Thanks for publishing this retrospective on ball hockey (“Common Goals: How Ball Hockey Has Flourished in the Jewish Community,” December 30, 2021). I wanted to share two corrections and two comments about the Cliftons, a team of yeshiva high school alums I founded that have been playing together for 20 years, which was mentioned several times throughout the article.
The article states that the team was originally known as the “Yeshiva All Stars,” when in fact we were known as the “Ya’ll Stars” in our earliest iteration in Rexplex in Elizabeth, New Jersey in 2001.

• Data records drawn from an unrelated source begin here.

lemma comp_equiv_sat_ExSO:
  fixes m m' :: "'x \<Rightarrow> ('v \<times> nat, 'a + nat) model"
  assumes equiv: "comp_equiv arX G (Suc r) M F SV m a S m' b T"
    and IH: "\<And>S' T'. comp_equiv arX G r M F (insert j SV) m a S' m' b T' \<Longrightarrow>
      sat (compose arX G m) a S' \<phi> = sat (compose arX G m') b T' \<phi>"
    and "sat (compose arX G m) a S (ExSO j \<phi>)"
  shows "sat (compose arX G m') b T (ExSO j \<phi>)"
proof -
  obtain Y where Y: "Y \<subseteq> univ (compose arX G m)" "sat (compose arX G m) a (S(j := Y)) \<phi>"
    using assms(3) unfolding sat.simps by blast
  obtain Z where Z: "Z \<subseteq> univ (compose arX G m')"
    and equiv': "comp_equiv arX G r M F (insert j SV) m a (S(j := Y)) m' b (T(j := Z))"
    using comp_equiv_forth_SO[OF equiv Y(1)] by blast
  have "sat (compose arX G m') b (T(j := Z)) \<phi>"
    by (rule iffD1[OF IH[OF equiv'] Y(2)])
  with Z show ?thesis
    by (simp only: sat.simps) blast
qed

lemma compose_sat_eq:
  fixes m m' :: "'x \<Rightarrow> ('v \<times> nat, 'a + nat) model" and G :: "('w, 'x) hg"
  shows "comp_equiv arX G r M F SV m a S m' b T \<Longrightarrow> in_fragment r M F SV \<phi> \<Longrightarrow>
    sat (compose arX G m) a S \<phi> = sat (compose arX G m') b T \<phi>"
proof (induction \<phi> arbitrary: r F SV m a S m' b T)
  case (Eq i j)
  then show ?case by (intro comp_equiv_sat_Eq) (auto simp: in_fragment_def)
next
  case (Edge i j)
  then show ?case by (intro comp_equiv_sat_Edge) (auto simp: in_fragment_def)
next
  case (Pred q i)
  then show ?case by (intro comp_equiv_sat_Pred) (auto simp: in_fragment_def)
next
  case (Mem i U)
  then show ?case by (intro comp_equiv_sat_Mem) (auto simp: in_fragment_def)
next
  case (CardMod U k n)
  then show ?case by (intro comp_equiv_sat_CardMod) (auto simp: in_fragment_def)
next
  case (Subset U U')
  then show ?case by (intro comp_equiv_sat_Subset) (auto simp: in_fragment_def)
next
  case (Single U)
  then show ?case by (intro comp_equiv_sat_Single) (auto simp: in_fragment_def)
next
  case (Neg \<phi>)
  then show ?case by (simp add: in_fragment_def)
next
  case (Conj \<phi> \<psi>)
  then show ?case by (simp add: in_fragment_def)
next
  case (ExFO i \<phi>)
  from ExFO.prems(2) obtain r' where r: "r = Suc r'" and \<phi>: "in_fragment r' M (insert i F) SV \<phi>"
    by (cases r) (auto simp: in_fragment_def)
  note equiv = ExFO.prems(1)[unfolded r]
  show ?case
    using comp_equiv_sat_ExFO[OF equiv ExFO.IH[OF _ \<phi>]]
      comp_equiv_sat_ExFO[OF comp_equiv_sym[OF equiv] ExFO.IH[OF _ \<phi>]] by blast
next
  case (ExSO j \<phi>)
  from ExSO.prems(2) obtain r' where r: "r = Suc r'" and \<phi>: "in_fragment r' M F (insert j SV) \<phi>"
    by (cases r) (auto simp: in_fragment_def)
  note equiv = ExSO.prems(1)[unfolded r]
  show ?case
    using comp_equiv_sat_ExSO[OF equiv ExSO.IH[OF _ \<phi>]]
      comp_equiv_sat_ExSO[OF comp_equiv_sym[OF equiv] ExSO.IH[OF _ \<phi>]] by blast
qed

section \<open>Composition computes the flattening\<close>

lemma finite_corners: "finite (hverts K) \<Longrightarrow> finite (corners ar K)"
  by (rule finite_subset[of _ "SIGMA v:hverts K. {1..ar (hlab K v)}"]) (auto simp: corners_def)

lemma compose_to_model_flatten:
  assumes val: "valuation S arS X arX \<eta>" and G: "wf_hg X arX G"
  shows "compose arX G (\<lambda>x. to_model arS (\<eta> x)) = to_model arS (flatten arS G \<eta>)"
proof -
  have arity: "harity (\<eta> (hlab G v)) = arX (hlab G v)"
    and wf: "wf_hg S arS (\<eta> (hlab G v))" if "v \<in> hverts G" for v
  proof -
    have "hlab G v \<in> X"
      using G that by (simp add: wf_hg_def)
    then show "harity (\<eta> (hlab G v)) = arX (hlab G v)" "wf_hg S arS (\<eta> (hlab G v))"
      using val by (simp_all add: valuation_def)
  qed
  have port: "1 \<le> hport (\<eta> (hlab G v)) c \<and> hport (\<eta> (hlab G v)) c \<le> arX (hlab G v)"
    if "v \<in> hverts G" "c \<in> corners arS (\<eta> (hlab G v))" for v c
    using wf[OF that(1)] that(2) unfolding wf_hg_def arity[OF that(1), symmetric] by blast
  show ?thesis
  proof (rule model.equality)
    show "univ (compose arX G (\<lambda>x. to_model arS (\<eta> x))) = univ (to_model arS (flatten arS G \<eta>))"
      by (auto simp: compose_univ to_model_def corners_def flatten_def Let_def)
    show "brel (compose arX G (\<lambda>x. to_model arS (\<eta> x))) = brel (to_model arS (flatten arS G \<eta>))"
      using arity port by (auto simp: compose_brel compose_univ to_model_def corners_def flatten_def Let_def)
    show "upred (compose arX G (\<lambda>x. to_model arS (\<eta> x))) = upred (to_model arS (flatten arS G \<eta>))"
    proof
      fix q
      show "upred (compose arX G (\<lambda>x. to_model arS (\<eta> x))) q = upred (to_model arS (flatten arS G \<eta>)) q"
        using arity port
        by (cases q) (auto simp: compose_upred_Inl compose_upred_Inr compose_univ to_model_def
            corners_def flatten_def Let_def)
    qed
  qed simp
qed

lemma cmso_compatible_compose:
  fixes D :: "'x \<Rightarrow> ('v \<times> nat, 'a + nat) model set" and G :: "('w, 'x) hg"
  assumes "finite (hverts G)" "\<And>v. v \<in> hverts G \<Longrightarrow> hlab G v \<in> X"
    and "\<And>x A. x \<in> X \<Longrightarrow> A \<in> D x \<Longrightarrow> finite (univ A)"
  shows "cmso_compatible X D (compose arX G)"
  unfolding cmso_compatible_def
proof (intro allI impI)
  fix r M and m m' :: "'x \<Rightarrow> ('v \<times> nat, 'a + nat) model"
  assume equiv: "\<forall>x\<in>X. m x \<in> D x \<and> m' x \<in> D x \<and> rM_equiv r M (m x) (m' x)"
  have "finite (univ (m (hlab G v)))" "finite (univ (m' (hlab G v)))"
    and "frag_equiv r M {} {} (m (hlab G v)) a S (m' (hlab G v)) b T" if "v \<in> hverts G" for v a S b T
    using equiv assms(2,3) that rM_equiv_iff_frag_equiv by blast+
  then have "comp_equiv arX G r M {} {} m (\<lambda>_. undefined) (\<lambda>_. {}) m' (\<lambda>_. undefined) (\<lambda>_. {})"
    using equiv assms by (auto simp: comp_equiv_def)
  then have "frag_equiv r M {} {} (compose arX G m) (\<lambda>_. undefined) (\<lambda>_. {})
      (compose arX G m') (\<lambda>_. undefined) (\<lambda>_. {})"
    unfolding frag_equiv_def using compose_sat_eq by blast
  then show "rM_equiv r M (compose arX G m) (compose arX G m')"
    using rM_equiv_iff_frag_equiv by blast
qed

lemma iso_model_refl: "iso_model A A"
  unfolding iso_model_def by (intro exI[of _ id]) simp

theorem lemma5p13:
  fixes S :: "'s set" and arS :: "'s \<Rightarrow> nat"
    and X :: "'x set" and arX :: "'x \<Rightarrow> nat"
    and G :: "('w, 'x) hg"
  assumes "finite S" and "ranked S arS" and "ranked X arX"
    and "wf_hg X arX G"
  shows "\<exists>f :: ('x \<Rightarrow> ('v \<times> nat, ('s \<times> nat) + nat) model)
                \<Rightarrow> (('w \<times> 'v) \<times> nat, ('s \<times> nat) + nat) model.
           cmso_compatible X
             (\<lambda>x. {to_model arS H | H :: ('v, 's) hg. wf_hg S arS H \<and> harity H = arX x}) f \<and>
           (\<forall>\<eta> :: 'x \<Rightarrow> ('v, 's) hg. valuation S arS X arX \<eta> \<longrightarrow>
              iso_model (f (\<lambda>x. to_model arS (\<eta> x))) (to_model arS (flatten arS G \<eta>)))"
proof (intro exI conjI allI impI)
  show "cmso_compatible X
      (\<lambda>x. {to_model arS H | H :: ('v, 's) hg. wf_hg S arS H \<and> harity H = arX x}) (compose arX G)"
    using \<open>wf_hg X arX G\<close>
    by (intro cmso_compatible_compose) (auto simp: wf_hg_def to_model_def finite_corners)
  fix \<eta> :: "'x \<Rightarrow> ('v, 's) hg"
  assume "valuation S arS X arX \<eta>"
  then show "iso_model (compose arX G (\<lambda>x. to_model arS (\<eta> x))) (to_model arS (flatten arS G \<eta>))"
    using \<open>wf_hg X arX G\<close> by (simp add: compose_to_model_flatten iso_model_refl)
qed

end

In addition, the article states “with a lot of the players being around the Clifton area… the team name gradually changed to the Cliftons”—when joining the league at ISCA in 2007, we wanted a more humble name/identity, so we chose the Cliftons moniker, as the core of the team played in a weekly pickup game at the Clifton YMCA
Much has been written recently about the success of the Yeshiva University men’s basketball team. Notwithstanding their 50 game winning streak being broken last week, I’d like to contend that the Cliftons are the most successful tri-state Jewish sports team. While the Maccabees endure 6 a.m. practices and a dual curriculum, the Cliftons have to balance out stressful jobs as doctors & lawyers, commutes, (and for the most part) wives, children, and most dauntingly, yeshiva day school tuition. One of the Cliftons’ longest tenured players is even the principal of a prestigious local yeshiva high school, while another has five kids under the age of 5 in addition to joining the national US ball hockey team!
Lastly, a little known fact/memory—in between the Ya’ll Stars and the Cliftons, 4 of us bridged the gap as members of another team known as the Mother Puckers. Between two rinks and three to four seasons annually, the MPs hadn’t won a championship in 40+ seasons. Predictably, in our second season with them, we won the championship game 3-2 on the shoulders of a hat trick from a current Cliftons star who, at the time, was studying to be a doctor. As our teammates detailed to us the wild party they planned in celebration of this milestone and we declined to attend for various nerdy reasons, I recall telling the good doctor that this may be the greatest Kiddush Hashem of his life.